Smart: Specific, Measurable, Attainable, Realistic, Timely
Smart content is also a way to create an experience that will be valuable to your customers. Let’s say you’re working with a company that runs several gym venues. You develop an app that will help their customers plan their meals, plan their workouts, that offers nutrition tips, that you can use to input the kind of meals you are making so that you know if you are staying true to your goals while keeping yourself healthy. That app is available for everyone, not just gym subscribers. People who are interested in a healthier lifestyle, but don’t know about your brand yet, might download the app. It is useful for anyone who is trying to lose weight, to be fit, to gain muscular mass or any other goal in that matter. It’s about integrating information and experience. Your app is useful; that’s why people use it.
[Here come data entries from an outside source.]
lemma first_split_in_split_after:
  assumes "w \<in> S" "z \<in> S" "\<forall>t\<le>T. same_cells \<U> ((f ^^ t) w) ((f ^^ t) z)"
    and "\<not> same_itinerary \<U> f w z"
  obtains r where "(f ^^ r) w \<in> split_after \<U> T ((f ^^ r) z)"
proof -
  have ex: "\<exists>r. \<not> same_cells \<U> ((f ^^ r) w) ((f ^^ r) z)"
    using assms(4) by (simp add: same_itinerary_def)
  define r where "r = (LEAST r. \<not> same_cells \<U> ((f ^^ r) w) ((f ^^ r) z))"
  have split: "\<not> same_cells \<U> ((f ^^ r) w) ((f ^^ r) z)"
    unfolding r_def by (rule LeastI_ex[OF ex])
  have before: "same_cells \<U> ((f ^^ t) w) ((f ^^ t) z)" if "t < r" for t
    using not_less_Least[OF that[unfolded r_def]] by blast
  have "T < r" using assms(3) split by (meson not_le)
  have "same_cells \<U> ((g ^^ k) ((f ^^ r) w)) ((g ^^ k) ((f ^^ r) z))" if "k \<in> {1..T}" for k
  proof -
    have "k \<le> r" using that \<open>T < r\<close> by simp
    then show ?thesis
      using before[of "r - k"] that funpow_left_inverse[OF g_f f_image] assms(1,2) by simp
  qed
  then show thesis
    using that[of r] split funpow_f_mem[OF assms(1)] by (simp add: split_after_def)
qed

lemma itinerary_finite_prefix:
  assumes "finite_clopen_family S \<U>" "z \<in> S"
  obtains T where "\<And>w. w \<in> S \<Longrightarrow> \<forall>t\<le>T. same_cells \<U> ((f ^^ t) w) ((f ^^ t) z)
    \<Longrightarrow> same_itinerary \<U> f w z"
proof -
  define orbit where "orbit = range (\<lambda>t. (f ^^ t) z)"
  obtain n where "n > 0" "(f ^^ n) z = z" using obtain_period[OF assms(2)] .
  then have "finite orbit" unfolding orbit_def by (rule finite_periodic_orbit)
  have "\<forall>c\<in>orbit. \<exists>T. split_after \<U> T c = {}"
    using split_after_eventually_empty[OF assms(1)] funpow_f_mem[OF assms(2)]
    by (auto simp: orbit_def)
  then obtain Tc where Tc: "\<And>c. c \<in> orbit \<Longrightarrow> split_after \<U> (Tc c) c = {}" by metis
  define T where "T = Max (Tc ` orbit)"
  have empty: "split_after \<U> T ((f ^^ r) z) = {}" for r
  proof -
    have "(f ^^ r) z \<in> orbit" by (simp add: orbit_def)
    then show ?thesis
      using Tc split_after_antimono[of "Tc ((f ^^ r) z)" T] \<open>finite orbit\<close>
      by (fastforce simp: T_def)
  qed
  show thesis
    using that first_split_in_split_after[OF _ assms(2)] empty by (metis empty_iff)
qed

lemma same_itinerary_class_openin:
  assumes "finite_clopen_family S \<U>" "z \<in> S"
  shows "openin (top_of_set S) {w\<in>S. same_itinerary \<U> f w z}"
proof -
  obtain T where T: "\<And>w. w \<in> S \<Longrightarrow> \<forall>t\<le>T. same_cells \<U> ((f ^^ t) w) ((f ^^ t) z)
    \<Longrightarrow> same_itinerary \<U> f w z"
    using itinerary_finite_prefix[OF assms] by blast
  have "{w\<in>S. same_itinerary \<U> f w z} =
      S \<inter> \<Inter>((\<lambda>t. {w\<in>S. same_cells \<U> ((f ^^ t) w) ((f ^^ t) z)}) ` {..T})"
    using T by (auto simp: same_itinerary_def)
  also have "openin (top_of_set S) \<dots>"
    using same_cells_preimage_clopenin(1)[OF assms(1) continuous_on_funpow[OF continuous_f f_image]
        image_subsetI[OF funpow_f_mem]]
    by (intro openin_Int_Inter) auto
  finally show ?thesis .
qed

lemma uniform_same_itinerary:
  assumes "finite_clopen_family S \<U>"
  obtains d where "d > 0"
    "\<And>x y. x \<in> S \<Longrightarrow> y \<in> S \<Longrightarrow> dist x y < d \<Longrightarrow> same_itinerary \<U> f x y"
proof -
  have "\<forall>z\<in>S. \<exists>V. open V \<and> {w\<in>S. same_itinerary \<U> f w z} = S \<inter> V"
    using same_itinerary_class_openin[OF assms] by (auto simp: openin_open)
  then obtain V where V: "\<And>z. z \<in> S \<Longrightarrow> open (V z) \<and> {w\<in>S. same_itinerary \<U> f w z} = S \<inter> V z"
    by metis
  have "z \<in> V z" if "z \<in> S" for z
    using V[OF that] same_itinerary_refl[of \<U> f z] that by blast
  then have "S \<subseteq> \<Union>(V ` S)" by blast
  then obtain d where "d > 0" and d: "\<And>x. x \<in> S \<Longrightarrow> \<exists>G\<in>V ` S. ball x d \<subseteq> G"
    using Heine_Borel_lemma[OF compact] V by blast
  show thesis
  proof (rule that[OF \<open>d > 0\<close>])
    fix x y assume "x \<in> S" "y \<in> S" "dist x y < d"
    have "x \<in> ball x d" "y \<in> ball x d" using \<open>d > 0\<close> \<open>dist x y < d\<close> by auto
    then obtain z where "z \<in> S" "x \<in> V z" "y \<in> V z"
      using d[OF \<open>x \<in> S\<close>] by blast
    then have "same_itinerary \<U> f x z" "same_itinerary \<U> f y z"
      using V[OF \<open>z \<in> S\<close>] \<open>x \<in> S\<close> \<open>y \<in> S\<close> by blast+
    then show "same_itinerary \<U> f x y"
      by (blast intro: same_itinerary_trans same_itinerary_sym)
  qed
qed

lemma inv_into_funpow_periodic:
  assumes "x \<in> S" "(f ^^ N) x = x" "k \<le> N"
  shows "(inv_into S f ^^ k) x = (f ^^ (N - k)) x"
proof -
  have "inj_on f S" using g_f by (metis inj_on_inverseI)
  then have "\<forall>x\<in>S. inv_into S f (f x) = x" by simp
  from funpow_left_inverse[OF this f_image assms(1,3)] show ?thesis
    using assms(2) by simp
qed

lemma fiter_eq_funpow_pair:
  assumes "x \<in> S" "y \<in> S"
  obtains t where "fiter S f i x = (f ^^ t) x" "fiter S f i y = (f ^^ t) y"
proof (cases "0 \<le> i")
  case True
  then show thesis by (intro that[of "nat i"]) (simp_all add: fiter_def)
next
  case False
  define k where "k = nat (- i)"
  obtain p where p: "p > 0" "(f ^^ p) x = x" using obtain_period[OF assms(1)] .
  obtain q where q: "q > 0" "(f ^^ q) y = y" using obtain_period[OF assms(2)] .
  define N where "N = k * p * q"
  have "k \<le> N" using p q by (simp add: N_def)
  have "(f ^^ N) x = x"
    using funpow_mult_fixpoint[OF p(2), of "k * q"] by (simp add: N_def ac_simps)
  moreover have "(f ^^ N) y = y"
    using funpow_mult_fixpoint[OF q(2), of "k * p"] by (simp add: N_def ac_simps)
  ultimately show thesis
    using False inv_into_funpow_periodic[OF _ _ \<open>k \<le> N\<close>] assms
    by (intro that[of "N - k"]) (simp_all add: fiter_def k_def)
qed

lemma equicontinuous:
  assumes "zero_dim S"
  shows "equicontinuous_on S f"
  unfolding equicontinuous_on_def
proof (intro allI impI)
  fix e :: real assume "e > 0"
  obtain \<U> where \<U>: "finite_clopen_family S \<U>" "S \<subseteq> \<Union>\<U>" "\<forall>U\<in>\<U>. \<forall>a\<in>U. \<forall>b\<in>U. dist a b < e"
    using zero_dim_fine_clopen_cover[OF compact assms \<open>e > 0\<close>] .
  obtain d where "d > 0" and d: "\<And>x y. x \<in> S \<Longrightarrow> y \<in> S \<Longrightarrow> dist x y < d \<Longrightarrow> same_itinerary \<U> f x y"
    using uniform_same_itinerary[OF \<U>(1)] by blast
  have "dist (fiter S f i x) (fiter S f i y) \<le> e"
    if xy: "x \<in> S" "y \<in> S" "dist x y \<le> d / 2" for x y i
  proof -
    obtain t where t: "fiter S f i x = (f ^^ t) x" "fiter S f i y = (f ^^ t) y"
      using fiter_eq_funpow_pair[OF xy(1,2)] .
    have "same_cells \<U> ((f ^^ t) x) ((f ^^ t) y)"
      using d[OF xy(1,2)] xy(3) \<open>d > 0\<close> by (simp add: same_itinerary_def)
    then show ?thesis
      unfolding t using same_cells_dist_less[OF \<U>(2,3) funpow_f_mem[OF xy(1)]] by fastforce
  qed
  then show "\<exists>d>0. \<forall>x\<in>S. \<forall>y\<in>S. dist x y \<le> d \<longrightarrow> (\<forall>i. dist (fiter S f i x) (fiter S f i y) \<le> e)"
    using \<open>d > 0\<close> by (intro exI[of _ "d / 2"]) auto
qed

lemma periodic_orbit_isolated:
  assumes "y \<in> S" "e > 0"
  obtains \<epsilon> where "0 < \<epsilon>" "\<epsilon> \<le> e" "\<And>t. dist y ((f ^^ t) y) < \<epsilon> \<Longrightarrow> (f ^^ t) y = y"
proof -
  obtain n where "n > 0" "(f ^^ n) y = y" using obtain_period[OF assms(1)] .
  then have "finite (range (\<lambda>t. (f ^^ t) y))" by (rule finite_periodic_orbit)
  from finite_set_avoid[OF this, of y] obtain \<delta> where "\<delta> > 0"
    and \<delta>: "\<And>t. (f ^^ t) y \<noteq> y \<Longrightarrow> \<delta> \<le> dist y ((f ^^ t) y)"
    by auto
  show thesis
    using \<open>e > 0\<close> \<open>\<delta> > 0\<close> \<delta> by (intro that[of "min e \<delta>"]) force+
qed

definition orbit_tracking :: "'a \<Rightarrow> real \<Rightarrow> 'a set set \<Rightarrow> real \<Rightarrow> bool" where
  "orbit_tracking y e \<U> \<rho> \<longleftrightarrow> finite_clopen_family S \<U> \<and> \<rho> > 0 \<and>
     (\<forall>x\<in>S. dist y x < \<rho> \<longrightarrow>
        (\<forall>z\<in>S. \<forall>t. same_cells \<U> z ((f ^^ t) x) \<longrightarrow> dist z ((f ^^ t) y) < e) \<and>
        (\<forall>t. same_cells \<U> x ((f ^^ t) x) \<longrightarrow> (f ^^ t) y = y))"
Content brings something new to that person’s life.
There are also other things you should have in mind. If you are running a blog for your brand, SERPs (Search Engine Result Pages) should be your friends. Optimize your texts not only for people, but also for search engines. In this time and age, search algorithms work in a way that if you are optimising for them, you are optimising for people as well. Repeating random keywords you want your page to rank well for does not work anymore. Write for people first and SEO should come easily. Content is mostly about quality, not quantity. Also, you can, and you should, link to other articles and websites.
In the end, it’s all about the story
Keep your articles consistent and develop a connection between them. Your articles should write a story of their own; you are writing your brand’s history, after all. That’s an opportunity you can’t miss.